I recently attended a Sen. John Marty town hall meeting of which at least half of the participants were passionately pro-life. It was a snapshot experience with pro-life advocates. Discussion following the meeting revealed some solutions that pro-life advocates could be setting in motion to reduce the number of abortions.
News flash. The lower the number of unwanted pregnancies equal a lower number of women who will seek an abortion. So, if pro-life advocates really do want to reduce the number of abortions, they should focus their efforts on reducing the number of unwanted pregnancies.
Abortion only becomes a divisive issue after a live sperm and a fertile egg come together in the same place. So, if pro-life advocates want to reduce the number of abortions, (something that pro-choice advocates want to do too), pro-life advocates should be actively advocating for the use of birth control methods that prevent a live sperm and a fertile egg from ever coming together in the same place: birth control methods like condoms, tubal ligation and vasectomy. Both sides of the abortion question have a vested interest in working together to do this, even if pro-choice advocates would take it one step further and advocate for other forms of birth control that pro-life advocates deem to be egregious.
When I brought this concept up at the town hall meeting, it was met with silence, except for one lone voice.
“That won’t work because condoms are only 85% effective,” someone said.
The actual number is more like 98% if condoms are used properly, but let’s go with the 85% number. To make a theoretical point (without playing whack-a-mole with all the statistical possibilities), which is better; 10,000 women with unwanted pregnancies who are tempted to get an abortion because no form of birth control was used at all or 8,500 women who didn’t get pregnant at all because a condom was used? Eighty-five hundred unwanted pregnancies that didn’t happen is a win for everyone, right?

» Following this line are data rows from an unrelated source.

definition proper_action :: "('g, 'b) monoid_scheme \<Rightarrow> ('g \<Rightarrow> 'a::topological_space \<Rightarrow> 'a) \<Rightarrow> bool" where
  "proper_action G \<phi> \<longleftrightarrow>
     (\<forall>K. compact K \<longrightarrow> finite {g \<in> carrier G. \<phi> g ` K \<inter> K \<noteq> {}})"

definition cocompact_action :: "('g, 'b) monoid_scheme \<Rightarrow> ('g \<Rightarrow> 'a::topological_space \<Rightarrow> 'a) \<Rightarrow> bool" where
  "cocompact_action G \<phi> \<longleftrightarrow> (\<exists>K. compact K \<and> (\<Union>g\<in>carrier G. \<phi> g ` K) = UNIV)"

definition isometric_action :: "('g, 'b) monoid_scheme \<Rightarrow> ('g \<Rightarrow> 'a::metric_space \<Rightarrow> 'a) \<Rightarrow> bool" where
  "isometric_action G \<phi> \<longleftrightarrow> (\<forall>g\<in>carrier G. \<forall>x y. dist (\<phi> g x) (\<phi> g y) = dist x y)"

definition proper_metric_space :: "'a::metric_space itself \<Rightarrow> bool" where
  "proper_metric_space _ \<longleftrightarrow> (\<forall>(x::'a) r. compact (cball x r))"

definition geodesic_space :: "'a::metric_space itself \<Rightarrow> bool" where
  "geodesic_space _ \<longleftrightarrow> (\<forall>x y::'a. \<exists>c :: real \<Rightarrow> 'a. c 0 = x \<and> c (dist x y) = y \<and>
      (\<forall>s\<in>{0..dist x y}. \<forall>t\<in>{0..dist x y}. dist (c s) (c t) = \<bar>s - t\<bar>))"

definition proper_map_fun :: "('a::topological_space \<Rightarrow> 'b::topological_space) \<Rightarrow> bool" where
  "proper_map_fun f \<longleftrightarrow> continuous_on UNIV f \<and> (\<forall>K. compact K \<longrightarrow> compact (f -` K))"

end

theory Submission
  imports Defs
begin

(* Fix x0 in X. Since the action on X is proper and cocompact and X is geodesic, word length is
   coarsely bounded by orbit displacement, |g|_S <= M d(g x0, x0) + B (the easy half of the
   Milnor-Svarc lemma). For each coordinate i put

     a_i(x, z) = inf_g ( p_i(g z) + (M + 1) d(g x, x0) ).

   Reindexing g by g h makes a invariant under the diagonal action, and as an infimum of
   (M + 1)-Lipschitz functions it is (M + 1)-Lipschitz in x. By the displacement bound only the
   finitely many g with d(g x, x0) <= (2M + 1) d(x, x0) + B compete for the infimum, so a_i(x, -)
   is a minimum of finitely many continuous functions and stays within (2M + 1) d(x, x0) + B of
   p_i; hence a(x, -) is a bounded perturbation of the proper map p. Dividing by N (M + 1) gives
   the 1-Lipschitz map alpha. *)

definition word_prod :: "('g, 'b) monoid_scheme \<Rightarrow> 'g list \<Rightarrow> 'g" where
  "word_prod G l = foldr (\<lambda>s acc. s \<otimes>\<^bsub>G\<^esub> acc) l \<one>\<^bsub>G\<^esub>"

lemma word_prod_Nil [simp]: "word_prod G [] = \<one>\<^bsub>G\<^esub>"
  by (simp add: word_prod_def)

lemma word_prod_Cons [simp]: "word_prod G (s # l) = s \<otimes>\<^bsub>G\<^esub> word_prod G l"
  by (simp add: word_prod_def)

lemma (in monoid) word_prod_closed: "set l \<subseteq> carrier G \<Longrightarrow> word_prod G l \<in> carrier G"
  by (induction l) auto

lemma (in monoid) word_prod_append:
  "set l \<subseteq> carrier G \<Longrightarrow> set l' \<subseteq> carrier G \<Longrightarrow>
    word_prod G (l @ l') = word_prod G l \<otimes> word_prod G l'"
  by (induction l) (auto simp: m_assoc word_prod_closed)

lemma word_length_le_length:
  "set l \<subseteq> S \<Longrightarrow> word_length G S (word_prod G l) \<le> length l"
  unfolding word_length_def word_prod_def by (rule Least_le) auto

lemma (in monoid) generate_imp_word:
  assumes "S \<subseteq> carrier G" "\<And>s. s \<in> S \<Longrightarrow> inv s \<in> S" "g \<in> generate G S"
  shows "\<exists>l. set l \<subseteq> S \<and> word_prod G l = g"
  using assms(3)
proof (induction rule: generate.induct)
  case one
  show ?case by (intro exI[of _ "[]"]) simp
next
  case (incl h)
  with assms(1) show ?case by (intro exI[of _ "[h]"]) auto
next
  case (inv h)
  with assms(1,2) have "inv h \<in> S" "inv h \<in> carrier G" by auto
  then show ?case by (intro exI[of _ "[inv h]"]) auto
next
  case (eng h1 h2)
  then obtain l1 l2 where "set l1 \<subseteq> S" "word_prod G l1 = h1" "set l2 \<subseteq> S" "word_prod G l2 = h2"
    by blast
  with assms(1) show ?case by (intro exI[of _ "l1 @ l2"]) (auto simp: word_prod_append)
qed

lemma (in monoid) word_length_attained:
  assumes "fin_sym_gen_set G S" "g \<in> carrier G"
  obtains l where "set l \<subseteq> S" "word_prod G l = g" "length l = word_length G S g"
proof -
  have "\<exists>l. set l \<subseteq> S \<and> word_prod G l = g"
    using assms by (intro generate_imp_word) (auto simp: fin_sym_gen_set_def)
  then have "\<exists>n l. length l = n \<and> set l \<subseteq> S \<and> foldr (\<lambda>s acc. s \<otimes> acc) l \<one> = g"
    by (auto simp: word_prod_def)
  from LeastI_ex[OF this] show ?thesis
    using that unfolding word_length_def word_prod_def by blast
qed

lemma (in monoid) word_length_mult_le:
  assumes "fin_sym_gen_set G S" "g \<in> carrier G" "h \<in> carrier G"
  shows "word_length G S (g \<otimes> h) \<le> word_length G S g + word_length G S h"
proof -
  obtain l where l: "set l \<subseteq> S" "word_prod G l = g" "length l = word_length G S g"
    using word_length_attained[OF assms(1,2)] .
  obtain l' where l': "set l' \<subseteq> S" "word_prod G l' = h" "length l' = word_length G S h"
    using word_length_attained[OF assms(1,3)] .
  have "S \<subseteq> carrier G"
    using assms(1) by (simp add: fin_sym_gen_set_def)
  then have "word_prod G (l @ l') = g \<otimes> h"
    using l l' by (auto simp: word_prod_append)
  then show ?thesis
    using word_length_le_length[of "l @ l'" S G] l l' by simp
qed

section \<open>Word length versus orbit displacement\<close>

lemma proper_action_finite_orbit_cball:
  fixes \<phi> :: "'g \<Rightarrow> 'x::metric_space \<Rightarrow> 'x"
  assumes "proper_metric_space TYPE('x)" "proper_action G \<phi>"
  shows "finite {g \<in> carrier G. dist (\<phi> g x) y \<le> r}"
proof -
  define K where "K = cball y (\<bar>r\<bar> + dist x y)"
  have "compact K"
    using assms(1) by (simp add: K_def proper_metric_space_def)
  moreover have "{g \<in> carrier G. dist (\<phi> g x) y \<le> r} \<subseteq> {g \<in> carrier G. \<phi> g ` K \<inter> K \<noteq> {}}"
  proof safe
    fix g assume g: "g \<in> carrier G" "dist (\<phi> g x) y \<le> r" "\<phi> g ` K \<inter> K = {}"
    from g(2) have "dist y (\<phi> g x) \<le> r"
      by (simp add: dist_commute)
    then have "dist y (\<phi> g x) \<le> \<bar>r\<bar> + dist x y"
      using abs_ge_self[of r] zero_le_dist[of x y] by linarith
    then have "x \<in> K" "\<phi> g x \<in> K"
      by (auto simp: K_def dist_commute)
    with g(3) show False
      by blast
  qed
  ultimately show ?thesis
    using assms(2) finite_subset unfolding proper_action_def by blast
qed

lemma cocompact_orbit_cobounded:
  fixes \<phi> :: "'g \<Rightarrow> 'x::metric_space \<Rightarrow> 'x" and x0 :: 'x
  assumes "cocompact_action G \<phi>" "isometric_action G \<phi>"
  obtains R where "\<And>y. \<exists>h\<in>carrier G. dist y (\<phi> h x0) \<le> R"
proof -
  obtain K where K: "compact K" "(\<Union>g\<in>carrier G. \<phi> g ` K) = UNIV"
    using assms(1) unfolding cocompact_action_def by blast
  obtain R where R: "\<And>k. k \<in> K \<Longrightarrow> dist k x0 \<le> R"
    using compact_imp_bounded[OF K(1)] bounded_any_center by (metis dist_commute)
  have "\<exists>h\<in>carrier G. dist y (\<phi> h x0) \<le> R" for y
  proof -
    obtain h k where "h \<in> carrier G" "k \<in> K" "y = \<phi> h k"
      using K(2) by blast
    moreover have "dist (\<phi> h k) (\<phi> h x0) = dist k x0"
      using assms(2) \<open>h \<in> carrier G\<close> unfolding isometric_action_def by blast
    ultimately show ?thesis
      using R by (intro bexI[of _ h]) auto
  qed
  then show ?thesis by (rule that)
qed

lemma geodesic_space_point_between:
  fixes x y :: "'x::metric_space"
  assumes "geodesic_space TYPE('x)" "0 \<le> t" "t \<le> dist x y"
  obtains w where "dist x w = t" "dist w y = dist x y - t"
proof -
  obtain c :: "real \<Rightarrow> 'x" where c: "c 0 = x" "c (dist x y) = y"
      "\<forall>s\<in>{0..dist x y}. \<forall>s'\<in>{0..dist x y}. dist (c s) (c s') = \<bar>s - s'\<bar>"
    using assms(1) unfolding geodesic_space_def by blast
  have "t \<in> {0..dist x y}" "0 \<in> {0..dist x y}" "dist x y \<in> {0..dist x y}"
    using assms(2,3) by auto
  then have "dist (c 0) (c t) = t" "dist (c t) (c (dist x y)) = dist x y - t"
    using c(3) assms(2,3) by auto
  with c(1,2) show ?thesis
    using that[of "c t"] by simp
qed
(* Let $\theta\in(0,1)$ be arbitrary (rational or irrational), $\alpha_0,\alpha_1,\alpha_2\in\mathbb{Z}$ with $\alpha_2\ne0$, $u_0\in L^2(0,2\pi)$, and $p,q$ positive coprime integers, $t_r=2\pi p/q$. Let $u$ be the $L^2$ solution of $\partial_t u=-i\sum_{m=0}^2\alpha_m(-i\partial_x)^m u$, $u(x,0)=u_0(x)$, $e^{i2\pi\theta}\partial_x^m u(0,t)=\partial_x^m u(2\pi,t)$ ($m=0,1$). Then there exist constants $c_0,\dots,c_{q-1}\in\mathbb{C}$ such that for a.e. $x\in[0,2\pi]$, $$u(x,t_r)=e^{i\theta x}\sum_{k=0}^{q-1}c_k\,z_0^*\!\left(x-s_\theta t_r-\tfrac{2\pi k}{q}\right),\qquad z_0(x)=e^{-i\theta x}u_0(x),\ s_\theta=\alpha_1+2\alpha_2\theta .$$ In particular $u(\cdot,t_r)$ is a finite linear combination of translated copies of $u_0$ for every $\theta\in(0,1)$.
   Context: The $L^2$ solution is $u(x,t)=\sum_{j\in\mathbb{Z}}\langle u_0,\phi_j\rangle e^{-iP(j+\theta)t}\phi_j(x)$ with $P(\lambda)=\alpha_0+\alpha_1\lambda+\alpha_2\lambda^2$, $\phi_j(x)=e^{i(j+\theta)x}/\sqrt{2\pi}$, $\langle f,g\rangle=\int_0^{2\pi}f\bar g$. $f^*$ denotes the $2\pi$-periodic extension of a function $f$ on $[0,2\pi)$: $f^*(x)=f(x-2\pi m)$ for $2\pi m\le x<2\pi(m+1)$. *)

theory Defs
  imports "HOL-Analysis.Analysis"
begin

definition phi :: "real \<Rightarrow> int \<Rightarrow> real \<Rightarrow> complex" where
  "phi \<theta> j x = exp (\<i> * complex_of_real ((real_of_int j + \<theta>) * x)) / complex_of_real (sqrt (2 * pi))"

definition inner_L2 :: "(real \<Rightarrow> complex) \<Rightarrow> (real \<Rightarrow> complex) \<Rightarrow> complex" where
  "inner_L2 f g = (LINT x:{0..2*pi}|lborel. f x * cnj (g x))"

definition Ppoly :: "int \<Rightarrow> int \<Rightarrow> int \<Rightarrow> real \<Rightarrow> real" where
  "Ppoly a0 a1 a2 l = real_of_int a0 + real_of_int a1 * l + real_of_int a2 * l^2"

definition in_L2 :: "(real \<Rightarrow> complex) \<Rightarrow> bool" where
  "in_L2 f \<longleftrightarrow> f \<in> borel_measurable lborel \<and>
     set_integrable lborel {0..2*pi} (\<lambda>x. (cmod (f x))^2)"

definition partial_sol :: "real \<Rightarrow> int \<Rightarrow> int \<Rightarrow> int \<Rightarrow> (real \<Rightarrow> complex) \<Rightarrow> nat \<Rightarrow> real \<Rightarrow> real \<Rightarrow> complex" where
  "partial_sol \<theta> a0 a1 a2 u0 N x t =
     (\<Sum>j\<in>{-int N..int N}. inner_L2 u0 (phi \<theta> j)
        * exp (- \<i> * complex_of_real (Ppoly a0 a1 a2 (real_of_int j + \<theta>) * t)) * phi \<theta> j x)"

In the public interest, for the public good, take the win. Take any win no matter how small it is. The little things add up. If your shoes or boots weigh one pound and you have a 30-inch stride, in one mile you will have lifted 2,112 pounds. In six miles you will have lifted 12,672 pounds. That’s more than the curb weight of two pick-up trucks. That’s how the differences between the pro-life advocates and the pro-choice advocates can be resolved. One step in the right direction at a time.
Years ago a “friend” repeatedly sent me political email messages that were full of manipulative lies. I would fact check them, and then I would notify her that the emails she was spreading around were not true. Eventually I asked her why she kept on doing this. She replied that while the email messages she was spreading around “might not be true,” she felt justified in sending them around to people anyway, because they were consistent with what she believed.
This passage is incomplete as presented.